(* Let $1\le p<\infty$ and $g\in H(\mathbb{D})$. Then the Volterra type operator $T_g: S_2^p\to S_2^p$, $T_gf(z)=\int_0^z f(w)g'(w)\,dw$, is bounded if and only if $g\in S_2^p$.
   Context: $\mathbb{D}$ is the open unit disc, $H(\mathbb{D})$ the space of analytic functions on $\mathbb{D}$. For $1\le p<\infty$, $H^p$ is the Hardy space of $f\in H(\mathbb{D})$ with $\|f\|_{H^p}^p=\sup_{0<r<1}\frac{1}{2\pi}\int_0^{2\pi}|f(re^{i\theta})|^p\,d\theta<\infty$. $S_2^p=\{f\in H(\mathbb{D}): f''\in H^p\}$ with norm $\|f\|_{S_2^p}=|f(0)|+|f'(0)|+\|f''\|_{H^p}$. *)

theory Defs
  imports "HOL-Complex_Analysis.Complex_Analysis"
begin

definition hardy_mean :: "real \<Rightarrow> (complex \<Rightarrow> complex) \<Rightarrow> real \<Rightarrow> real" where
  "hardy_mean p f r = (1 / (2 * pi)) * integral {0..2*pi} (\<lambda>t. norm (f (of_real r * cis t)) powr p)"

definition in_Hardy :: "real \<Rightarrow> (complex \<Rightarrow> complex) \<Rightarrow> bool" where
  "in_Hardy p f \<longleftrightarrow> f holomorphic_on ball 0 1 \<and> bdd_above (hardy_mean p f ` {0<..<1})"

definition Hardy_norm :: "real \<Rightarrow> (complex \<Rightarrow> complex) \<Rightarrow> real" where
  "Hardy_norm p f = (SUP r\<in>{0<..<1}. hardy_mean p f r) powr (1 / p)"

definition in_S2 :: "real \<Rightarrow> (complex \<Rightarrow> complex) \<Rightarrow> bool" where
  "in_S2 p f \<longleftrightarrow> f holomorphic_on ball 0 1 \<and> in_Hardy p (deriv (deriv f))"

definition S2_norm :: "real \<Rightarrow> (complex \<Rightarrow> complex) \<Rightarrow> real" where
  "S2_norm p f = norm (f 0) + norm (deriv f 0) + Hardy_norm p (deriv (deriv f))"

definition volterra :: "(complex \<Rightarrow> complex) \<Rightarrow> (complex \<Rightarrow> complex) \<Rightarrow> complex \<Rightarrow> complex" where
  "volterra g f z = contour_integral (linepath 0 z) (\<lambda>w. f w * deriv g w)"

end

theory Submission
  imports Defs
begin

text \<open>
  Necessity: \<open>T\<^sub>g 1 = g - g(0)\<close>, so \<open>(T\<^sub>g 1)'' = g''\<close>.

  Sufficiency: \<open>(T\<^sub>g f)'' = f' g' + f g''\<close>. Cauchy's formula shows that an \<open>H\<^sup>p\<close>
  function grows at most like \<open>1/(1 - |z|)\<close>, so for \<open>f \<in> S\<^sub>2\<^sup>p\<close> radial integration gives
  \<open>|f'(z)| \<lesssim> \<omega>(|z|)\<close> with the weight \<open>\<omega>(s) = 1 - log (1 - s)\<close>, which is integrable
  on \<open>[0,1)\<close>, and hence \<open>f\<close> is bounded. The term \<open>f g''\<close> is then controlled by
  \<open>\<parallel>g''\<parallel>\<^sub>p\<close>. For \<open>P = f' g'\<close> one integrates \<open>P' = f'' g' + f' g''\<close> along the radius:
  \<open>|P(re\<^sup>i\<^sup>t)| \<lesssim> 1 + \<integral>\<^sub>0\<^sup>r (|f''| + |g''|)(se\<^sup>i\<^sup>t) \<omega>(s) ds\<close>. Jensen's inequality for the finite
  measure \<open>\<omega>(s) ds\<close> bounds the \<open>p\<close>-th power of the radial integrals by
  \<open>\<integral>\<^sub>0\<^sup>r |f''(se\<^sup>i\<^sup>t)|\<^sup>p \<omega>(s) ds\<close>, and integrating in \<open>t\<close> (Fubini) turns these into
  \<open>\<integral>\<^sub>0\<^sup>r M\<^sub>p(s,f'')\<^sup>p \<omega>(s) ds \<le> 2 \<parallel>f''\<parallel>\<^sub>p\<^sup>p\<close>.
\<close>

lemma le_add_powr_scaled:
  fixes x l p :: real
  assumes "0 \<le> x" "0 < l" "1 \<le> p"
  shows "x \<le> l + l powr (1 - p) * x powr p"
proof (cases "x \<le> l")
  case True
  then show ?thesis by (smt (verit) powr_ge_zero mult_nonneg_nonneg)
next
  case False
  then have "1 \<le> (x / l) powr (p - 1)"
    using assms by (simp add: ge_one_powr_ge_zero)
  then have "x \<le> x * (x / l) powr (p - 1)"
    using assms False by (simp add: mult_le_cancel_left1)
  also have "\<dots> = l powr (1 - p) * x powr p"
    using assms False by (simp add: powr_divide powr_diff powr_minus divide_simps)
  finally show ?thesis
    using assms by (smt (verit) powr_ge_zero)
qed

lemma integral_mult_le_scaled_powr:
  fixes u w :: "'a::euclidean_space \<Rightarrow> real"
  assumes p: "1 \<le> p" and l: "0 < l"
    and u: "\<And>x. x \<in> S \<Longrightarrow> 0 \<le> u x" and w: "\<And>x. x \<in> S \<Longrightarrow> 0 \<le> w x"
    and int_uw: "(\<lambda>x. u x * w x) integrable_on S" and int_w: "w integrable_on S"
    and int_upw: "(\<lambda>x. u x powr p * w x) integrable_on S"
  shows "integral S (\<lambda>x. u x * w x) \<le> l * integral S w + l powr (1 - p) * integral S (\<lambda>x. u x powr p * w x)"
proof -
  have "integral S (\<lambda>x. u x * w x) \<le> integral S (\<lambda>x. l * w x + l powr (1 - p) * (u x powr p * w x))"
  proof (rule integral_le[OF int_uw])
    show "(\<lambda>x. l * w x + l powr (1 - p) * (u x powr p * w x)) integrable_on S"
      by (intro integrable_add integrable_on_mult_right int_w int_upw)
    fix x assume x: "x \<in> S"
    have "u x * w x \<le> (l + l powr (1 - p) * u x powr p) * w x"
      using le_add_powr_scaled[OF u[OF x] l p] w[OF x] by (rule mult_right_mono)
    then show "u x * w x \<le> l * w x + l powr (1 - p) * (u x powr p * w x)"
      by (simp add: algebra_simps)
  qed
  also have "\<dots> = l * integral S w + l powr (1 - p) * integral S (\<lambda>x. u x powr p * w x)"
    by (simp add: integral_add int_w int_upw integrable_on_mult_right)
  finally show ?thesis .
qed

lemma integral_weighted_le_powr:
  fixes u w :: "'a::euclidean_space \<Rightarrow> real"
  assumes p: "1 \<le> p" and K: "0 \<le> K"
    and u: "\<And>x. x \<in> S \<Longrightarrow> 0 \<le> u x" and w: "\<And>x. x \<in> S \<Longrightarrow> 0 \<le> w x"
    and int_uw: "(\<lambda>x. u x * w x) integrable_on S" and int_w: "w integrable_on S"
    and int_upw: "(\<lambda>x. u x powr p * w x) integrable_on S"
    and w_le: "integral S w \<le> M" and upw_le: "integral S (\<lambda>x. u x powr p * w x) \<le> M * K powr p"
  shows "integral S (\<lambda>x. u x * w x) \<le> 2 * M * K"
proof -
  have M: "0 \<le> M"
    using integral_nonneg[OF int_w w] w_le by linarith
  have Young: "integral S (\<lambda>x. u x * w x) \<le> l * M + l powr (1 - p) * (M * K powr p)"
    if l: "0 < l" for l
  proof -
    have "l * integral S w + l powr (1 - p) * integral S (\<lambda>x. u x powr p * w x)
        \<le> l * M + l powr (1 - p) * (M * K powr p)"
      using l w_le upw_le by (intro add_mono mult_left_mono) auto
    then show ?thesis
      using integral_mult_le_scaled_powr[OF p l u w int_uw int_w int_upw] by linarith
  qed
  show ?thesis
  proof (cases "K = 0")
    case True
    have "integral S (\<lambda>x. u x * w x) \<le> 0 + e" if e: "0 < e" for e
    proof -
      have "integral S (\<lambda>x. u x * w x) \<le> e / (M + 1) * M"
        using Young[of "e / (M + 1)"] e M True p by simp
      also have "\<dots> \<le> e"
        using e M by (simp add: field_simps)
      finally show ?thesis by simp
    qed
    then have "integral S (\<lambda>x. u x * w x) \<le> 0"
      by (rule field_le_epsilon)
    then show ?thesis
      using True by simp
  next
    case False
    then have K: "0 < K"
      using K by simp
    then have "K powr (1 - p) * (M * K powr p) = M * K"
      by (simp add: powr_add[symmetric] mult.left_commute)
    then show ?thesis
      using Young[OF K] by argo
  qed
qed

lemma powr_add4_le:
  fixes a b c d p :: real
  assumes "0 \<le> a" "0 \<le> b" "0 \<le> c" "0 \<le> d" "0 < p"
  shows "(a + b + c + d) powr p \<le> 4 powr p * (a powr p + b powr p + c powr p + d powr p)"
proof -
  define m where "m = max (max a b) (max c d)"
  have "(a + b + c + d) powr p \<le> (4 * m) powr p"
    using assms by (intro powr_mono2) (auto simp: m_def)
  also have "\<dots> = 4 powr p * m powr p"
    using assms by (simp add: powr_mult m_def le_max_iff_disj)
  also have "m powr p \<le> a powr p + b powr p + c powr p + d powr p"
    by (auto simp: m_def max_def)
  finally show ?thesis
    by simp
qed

INSTRUCTIONS TO FOLLOW:
Would you please repeat exactly the lines above, starting at the line with "powr p \<le> 4" and stopping at the line with "4 powr p * m", both included?

COMPLETED EXERCISE:
  shows "(a + b + c + d) powr p \<le> 4 powr p * (a powr p + b powr p + c powr p + d powr p)"
proof -
  define m where "m = max (max a b) (max c d)"
  have "(a + b + c + d) powr p \<le> (4 * m) powr p"
    using assms by (intro powr_mono2) (auto simp: m_def)
  also have "\<dots> = 4 powr p * m powr p"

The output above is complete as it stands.